(Dataset entries)
Content starts

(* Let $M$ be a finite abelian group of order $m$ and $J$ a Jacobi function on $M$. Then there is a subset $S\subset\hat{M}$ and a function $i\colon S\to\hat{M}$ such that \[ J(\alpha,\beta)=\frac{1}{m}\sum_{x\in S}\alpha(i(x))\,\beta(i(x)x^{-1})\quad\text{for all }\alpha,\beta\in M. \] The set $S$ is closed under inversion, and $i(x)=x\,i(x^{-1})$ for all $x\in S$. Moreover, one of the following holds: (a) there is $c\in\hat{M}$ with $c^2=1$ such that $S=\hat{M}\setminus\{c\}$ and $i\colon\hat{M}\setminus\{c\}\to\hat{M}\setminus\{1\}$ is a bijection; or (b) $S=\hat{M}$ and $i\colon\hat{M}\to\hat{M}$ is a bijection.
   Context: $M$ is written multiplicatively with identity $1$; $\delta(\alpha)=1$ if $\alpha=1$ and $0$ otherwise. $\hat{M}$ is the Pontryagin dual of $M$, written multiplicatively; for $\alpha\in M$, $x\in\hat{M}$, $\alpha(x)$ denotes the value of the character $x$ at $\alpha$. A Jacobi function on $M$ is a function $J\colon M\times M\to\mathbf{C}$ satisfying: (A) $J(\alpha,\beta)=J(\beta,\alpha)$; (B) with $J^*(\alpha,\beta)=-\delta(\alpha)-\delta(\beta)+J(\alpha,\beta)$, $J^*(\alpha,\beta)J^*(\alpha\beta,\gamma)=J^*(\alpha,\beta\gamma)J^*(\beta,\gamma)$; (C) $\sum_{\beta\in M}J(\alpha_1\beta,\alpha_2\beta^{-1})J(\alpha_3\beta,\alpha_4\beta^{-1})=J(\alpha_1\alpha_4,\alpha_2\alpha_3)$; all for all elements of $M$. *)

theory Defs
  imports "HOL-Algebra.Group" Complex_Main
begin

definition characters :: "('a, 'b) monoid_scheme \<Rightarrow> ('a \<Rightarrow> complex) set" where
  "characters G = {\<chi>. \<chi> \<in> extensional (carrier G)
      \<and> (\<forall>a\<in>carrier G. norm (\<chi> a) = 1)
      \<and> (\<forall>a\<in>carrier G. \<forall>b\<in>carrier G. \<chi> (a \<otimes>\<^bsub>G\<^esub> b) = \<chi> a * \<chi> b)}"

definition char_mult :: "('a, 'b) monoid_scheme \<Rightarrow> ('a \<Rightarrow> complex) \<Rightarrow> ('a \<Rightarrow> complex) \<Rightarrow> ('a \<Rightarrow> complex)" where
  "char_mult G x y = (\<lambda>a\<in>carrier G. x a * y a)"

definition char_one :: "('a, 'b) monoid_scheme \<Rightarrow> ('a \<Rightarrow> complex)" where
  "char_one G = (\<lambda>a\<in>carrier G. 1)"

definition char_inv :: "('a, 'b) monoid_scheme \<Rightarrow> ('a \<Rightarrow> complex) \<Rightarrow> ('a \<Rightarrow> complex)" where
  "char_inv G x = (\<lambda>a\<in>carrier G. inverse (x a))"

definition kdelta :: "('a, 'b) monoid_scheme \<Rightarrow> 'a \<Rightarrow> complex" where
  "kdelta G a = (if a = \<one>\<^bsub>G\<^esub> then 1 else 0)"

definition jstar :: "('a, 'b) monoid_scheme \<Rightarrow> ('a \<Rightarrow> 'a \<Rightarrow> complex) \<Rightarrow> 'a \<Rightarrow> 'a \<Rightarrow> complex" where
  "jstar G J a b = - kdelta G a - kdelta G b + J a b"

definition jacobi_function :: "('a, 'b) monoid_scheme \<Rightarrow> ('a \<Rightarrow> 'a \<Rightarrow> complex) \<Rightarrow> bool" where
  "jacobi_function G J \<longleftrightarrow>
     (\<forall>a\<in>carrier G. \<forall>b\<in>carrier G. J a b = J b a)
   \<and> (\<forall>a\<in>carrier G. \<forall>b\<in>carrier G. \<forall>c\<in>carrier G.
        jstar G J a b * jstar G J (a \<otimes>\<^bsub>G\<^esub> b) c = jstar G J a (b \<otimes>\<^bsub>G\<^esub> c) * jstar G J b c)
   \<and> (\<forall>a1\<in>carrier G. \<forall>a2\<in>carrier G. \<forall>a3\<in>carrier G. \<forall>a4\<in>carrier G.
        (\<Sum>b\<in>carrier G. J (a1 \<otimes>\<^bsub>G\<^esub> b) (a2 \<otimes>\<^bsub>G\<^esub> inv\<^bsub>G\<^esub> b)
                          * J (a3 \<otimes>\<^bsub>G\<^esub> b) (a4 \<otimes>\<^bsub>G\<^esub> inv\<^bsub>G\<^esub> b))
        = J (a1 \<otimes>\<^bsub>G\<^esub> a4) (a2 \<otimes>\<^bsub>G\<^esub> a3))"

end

Content ends

_WHAT NEEDS TO BE DONE_:
Look above for every line with the word "forall" and copy it.

_RESPONSE FOR THIS EXERCISE_:
      \<and> (\<forall>a\<in>carrier G. norm (\<chi> a) = 1)
      \<and> (\<forall>a\<in>carrier G. \<forall>b\<in>carrier G. \<chi> (a \<otimes>\<^bsub>G\<^esub> b) = \<chi> a * \<chi> b)}"
     (\<forall>a\<in>carrier G. \<forall>b\<in>carrier G. J a b = J b a)
   \<and> (\<forall>a\<in>carrier G. \<forall>b\<in>carrier G. \<forall>c\<in>carrier G.
   \<and> (\<forall>a1\<in>carrier G. \<forall>a2\<in>carrier G. \<forall>a3\<in>carrier G. \<forall>a4\<in>carrier G.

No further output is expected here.